After irradiation with ultraviolet rays, as shown in FIG. 2( e ), the base material layer 1 is expanded, whereby the respective semiconductor elements 50 obtained by cutting are separated from each other, and the suction chuck 44 is used for suction. Then, the semiconductor element 50 with the bonding layer pushed up by the ejector pins 42 from the bonding layer 3 side is picked up. In addition, the semiconductor element 50 with an adhesive layer has the semiconductor element Wa and the adhesive layer 3a. In addition, the semiconductor element Wa is obtained by dividing the semiconductor wafer W, and the adhesive layer 3 a is obtained by dividing the adhesive layer 3 . In the pick-up step, the expansion may not necessarily be performed, but the pick-up performance can be further improved by expanding.

In addition, the lifting amount of the ejector pin 42 can be selected as required. Furthermore, from the viewpoint of ensuring sufficient pick-up properties also for ultra-thin wafers, for example, a two-stage or three-stage pick-up method may be performed. In addition, the pickup of the semiconductor element 50 may be performed by a method other than the suction chuck 44 .

(Next step)

After picking up the semiconductor element 50 with the adhesive layer, as shown in FIG. 2( f ), the semiconductor element 50 with the adhesive layer is attached to the semi-conductor through the adhesive layer 3 a by thermocompression bonding. On the support substrate 60 for mounting the conductor element. After the semiconductor element 50 with an adhesive layer is mounted on the support substrate 60 via the adhesive layer 3a, the semiconductor element 50 with an adhesive layer may be bonded to the semiconductor element Wa via the adhesive layer 3a again by thermocompression bonding. Thereby, the plurality of semiconductor elements Wa can be mounted on the support substrate 60 more reliably.
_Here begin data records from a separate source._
text \<open>A maximum principle: with column sums 1, detailed balance makes \<pi> x the
  P-weighted average of \<pi> over the predecessors of x.\<close>
lemma detailed_balance_max_pred:
  assumes st: "stochastic_matrix P" and col: "\<And>y. (\<Sum>x\<in>UNIV. P x y) = 1"
    and db: "\<And>x y. \<pi> x * P x y = \<pi> y * P y x"
    and max: "\<And>w. \<pi> w \<le> \<pi> x" and edge: "P w x > 0"
  shows "\<pi> w = \<pi> x"
proof -
  have "(\<Sum>v\<in>UNIV. P v x * (\<pi> x - \<pi> v)) = \<pi> x * (\<Sum>v\<in>UNIV. P v x) - (\<Sum>v\<in>UNIV. \<pi> v * P v x)"
    by (simp add: algebra_simps sum_subtractf sum_distrib_left)
  also have "(\<Sum>v\<in>UNIV. \<pi> v * P v x) = (\<Sum>v\<in>UNIV. \<pi> x * P x v)"
    by (intro sum.cong refl) (rule db)
  also have "(\<Sum>v\<in>UNIV. \<pi> x * P x v) = \<pi> x"
    using st by (simp add: stochastic_matrix_def flip: sum_distrib_left)
  finally have "(\<Sum>v\<in>UNIV. P v x * (\<pi> x - \<pi> v)) = 0" by (simp add: col)
  moreover have "\<forall>v\<in>UNIV. 0 \<le> P v x * (\<pi> x - \<pi> v)"
    using st max by (auto simp: stochastic_matrix_def)
  ultimately have "P w x * (\<pi> x - \<pi> w) = 0" by (simp add: sum_nonneg_eq_0_iff)
  then show ?thesis using edge by simp
qed

lemma detailed_balance_weights_constant:
  assumes st: "stochastic_matrix P" and irr: "irreducible_chain P"
    and col: "\<And>y. (\<Sum>x\<in>UNIV. P x y) = 1"
    and db: "\<And>x y. \<pi> x * P x y = \<pi> y * P y x"
  shows "\<pi> y = \<pi> y'"
proof -
  have "Max (range \<pi>) \<in> range \<pi>" by (rule Max_in) auto
  then obtain x where x: "\<pi> x = Max (range \<pi>)" by (metis rangeE)
  have max: "\<pi> w \<le> \<pi> x" for w unfolding x by simp
  have "\<pi> y = \<pi> x" if "matpow P n y x' > 0" and "\<pi> x' = \<pi> x" for n y x'
    using that
  proof (induction n arbitrary: x')
    case 0
    then show ?case by (simp split: if_splits)
  next
    case (Suc n)
    obtain w where "matpow P n y w > 0" and "P w x' > 0"
      using matpow_Suc_pos_obtain[OF st Suc.prems(1)] .
    moreover have "\<pi> w = \<pi> x"
      using detailed_balance_max_pred[OF st col db, of x'] max \<open>P w x' > 0\<close> Suc.prems(2) by simp
    ultimately show ?case using Suc.IH by blast
  qed
  then have "\<pi> v = \<pi> x" for v
    using irr unfolding irreducible_chain_def by blast
  then show ?thesis by metis
qed

lemma transitive_reversible_chain_symmetric:
  assumes st: "stochastic_matrix P" and "irreducible_chain P"
    and "reversible_chain P" and tr: "transitive_chain P"
  shows "P x y = P y x"
proof -
  obtain \<pi> where pos: "\<pi> x > 0" and db: "\<And>x y. \<pi> x * P x y = \<pi> y * P y x"
    using assms(3) unfolding reversible_chain_def by blast
  moreover have "\<pi> y = \<pi> x"
    using detailed_balance_weights_constant[OF st assms(2) transitive_chain_col_sum[OF st tr] db] .
  ultimately show ?thesis by (metis mult_cancel_left less_irrefl)
qed

section \<open>Staying and avoiding probabilities\<close>

fun stay_prob :: "('b::finite \<Rightarrow> 'b \<Rightarrow> real) \<Rightarrow> 'b set \<Rightarrow> nat \<Rightarrow> 'b \<Rightarrow> real" where
  "stay_prob K S 0 a = (if a \<in> S then 1 else 0)"
| "stay_prob K S (Suc n) a = (if a \<in> S then (\<Sum>c\<in>UNIV. K a c * stay_prob K S n c) else 0)"

definition avoid_prob :: "('a::finite \<Rightarrow> 'a \<Rightarrow> real) \<Rightarrow> nat \<Rightarrow> 'a \<Rightarrow> 'a \<Rightarrow> real" where
  "avoid_prob K n a b = stay_prob K (- {b}) n a"

lemma stay_prob_id: "stay_prob (\<lambda>a b. if a = b then 1 else 0) S n a = (if a \<in> S then 1 else 0)"
  by (induction n arbitrary: a) (simp_all add: if_distrib if_distribR cong: if_cong)

lemma avoid_prob_0: "avoid_prob K 0 a b = (if a = b then 0 else 1)"
  by (simp add: avoid_prob_def)

lemma avoid_prob_Suc:
  "avoid_prob K (Suc n) a b
     = mat_mult K (avoid_prob K n) a b - (if a = b then mat_mult K (avoid_prob K n) a a else 0)"
  by (simp add: avoid_prob_def mat_mult_def)

lemma aut_invariant_avoid_prob:
  assumes "aut_invariant P K"
  shows "aut_invariant P (avoid_prob K n)"
proof (induction n)
  case 0
  then show ?case by (auto simp: aut_invariant_def automorphism_def avoid_prob_0 bij_def inj_eq)
next
  case (Suc n)
  have "aut_invariant P (mat_mult K (avoid_prob K n))"
    using assms Suc.IH by (rule aut_invariant_mat_mult)
  then show ?case
    by (auto simp: aut_invariant_def automorphism_def avoid_prob_Suc bij_def inj_eq)
qed

lemma mat_mult_commute_sub_diagonal:
  assumes AB: "mat_mult A B = mat_mult B A" and d: "\<And>a b. d a = d b"
  shows "mat_mult (\<lambda>a b. A a b - (if a = b then d a else 0)) B
       = mat_mult B (\<lambda>a b. A a b - (if a = b then d a else 0))"
proof (intro ext)
  fix a b
  have "mat_mult (\<lambda>a b. A a b - (if a = b then d a else 0)) B a b
      = (\<Sum>w\<in>UNIV. A a w * B w b - (if w = a then d a * B w b else 0))"
    unfolding mat_mult_def by (intro sum.cong refl) (auto simp: left_diff_distrib)
  also have "\<dots> = mat_mult A B a b - d a * B a b"
    by (simp add: sum_subtractf mat_mult_def)
  also have "\<dots> = mat_mult B A a b - d b * B a b"
    using AB d[of a b] by simp
  also have "\<dots> = (\<Sum>w\<in>UNIV. B a w * A w b - (if w = b then d b * B a w else 0))"
    by (simp add: sum_subtractf mat_mult_def)
  also have "\<dots> = mat_mult B (\<lambda>a b. A a b - (if a = b then d a else 0)) a b"
    unfolding mat_mult_def by (intro sum.cong refl) (auto simp: right_diff_distrib)
  finally show "mat_mult (\<lambda>a b. A a b - (if a = b then d a else 0)) B a b
      = mat_mult B (\<lambda>a b. A a b - (if a = b then d a else 0)) a b" .
qed
(* (1) For every $n$, there exists $N$ such that every graph on at least $N$ vertices has a vertex-minor isomorphic to the edgeless graph $\overline{K_n}$ on $n$ vertices. (2) For every $n$, there exists $N$ such that every connected graph having at least $N$ vertices has a vertex-minor isomorphic to $K_n$. (3) For every $n$, there exists $N$ such that every graph having at least $N$ edges has a vertex-minor isomorphic to $K_n$ or to the graph obtained from two disjoint copies of the edgeless graph $\overline{K_n}$ by adding a perfect matching between them (i.e., a perfect matching with $n$ edges, $nK_2$).
   Context: All graphs are simple. A graph $H$ is a vertex-minor of $G$ if $H$ is an induced subgraph of a graph obtained from $G$ by a sequence of local complementations (local complementation at $v$ replaces the subgraph induced on the neighborhood of $v$ by its complement). *)

theory Defs
  imports Main
begin

definition simple_graph :: "'a set \<Rightarrow> ('a \<Rightarrow> 'a \<Rightarrow> bool) \<Rightarrow> bool" where
  "simple_graph V E \<longleftrightarrow> finite V \<and> (\<forall>x y. E x y \<longrightarrow> x \<in> V \<and> y \<in> V)
     \<and> (\<forall>x y. E x y \<longrightarrow> E y x) \<and> (\<forall>x. \<not> E x x)"

definition local_comp :: "('a \<Rightarrow> 'a \<Rightarrow> bool) \<Rightarrow> 'a \<Rightarrow> ('a \<Rightarrow> 'a \<Rightarrow> bool)" where
  "local_comp E v = (\<lambda>x y. if E v x \<and> E v y \<and> x \<noteq> y then \<not> E x y else E x y)"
Then, as shown in FIG. 3 , it is preferable to electrically connect the semiconductor element Wa and the support substrate 60 by using wire bonding wires 70 as necessary. At this time, the semiconductor element Wa, the adhesive layer 3a, and the support substrate 60 are heated, for example, at 170° C. for about 15 minutes to 60 minutes. Furthermore, after connecting by wire bonding, the semiconductor element Wa may be resin-sealed as necessary. The resin sealing material 80 may be formed on the surface 60a of the support substrate 60, and on the other hand, the solder balls 90 may be formed on the surface on the opposite side of the surface 60a of the support substrate 60 as a connection with the external substrate (mother board). )) for electrical connection purposes.

Furthermore, when resin sealing is performed, the adhesive layer 3a is preferably in a semi-hardened state. Thereby, when resin sealing, the adhesive layer 3a can be filled in the uneven|corrugated recessed part formed in the surface 60a of the support substrate 60 more favorably. The semi-hardened state refers to a state in which the adhesive layer 3a is not completely hardened. The adhesive layer 3a in the semi-hardened state can be finally heat-hardened by one or more heat treatments in the manufacturing process of the semiconductor device.

By going through the above steps, the semiconductor device 100 can be manufactured using the tape 10 for semiconductor processing.

[Temporary fixing belt]

The tape 10 for semiconductor processing can be used to temporarily fix the substrate S on one surface of the adhesive layer 3 during the manufacturing process of the semiconductor device, and to peel off the semiconductor wafer after the base material layer 1 and the adhesive layer 2 are peeled off. W is temporarily fixed to the other surface of the adhesive layer 3 .

FIGS. 4( a ) to 4 ( f ) are cross-sectional views showing steps of manufacturing a semiconductor device using the tape 10 for semiconductor processing as the tape for temporary fixing. When the tape 10 for semiconductor processing is used as the tape for temporary fixing, none of the base material layer 1 , the adhesive layer 2 , and the adhesive layer 3 remains on the semiconductor device finally produced (see FIG. 4( f )).

As shown in FIG.4(a), the tape 10 for semiconductor processing is stuck on the board|substrate S so that the adhesive layer 3 may contact the surface of the board|substrate S. The temperature at this time should just be about 50 degreeC - 90 degreeC. By bonding the substrate S and the tape 10 for semiconductor processing under this temperature condition, the adhesive force between the adhesive layer 3 and the substrate S can be made larger than the adhesive force between the adhesive layer 3 and the adhesive layer 2 .

That is, the substrate S is used to control the adhesiveness of the adhesive layer 3 in a state where the adhesive layer 3 is bonded. In addition, the adhesive layer 3 in the state stuck to the board|substrate S is a layer which controls adhesiveness by applying heat, and has predetermined heat resistance.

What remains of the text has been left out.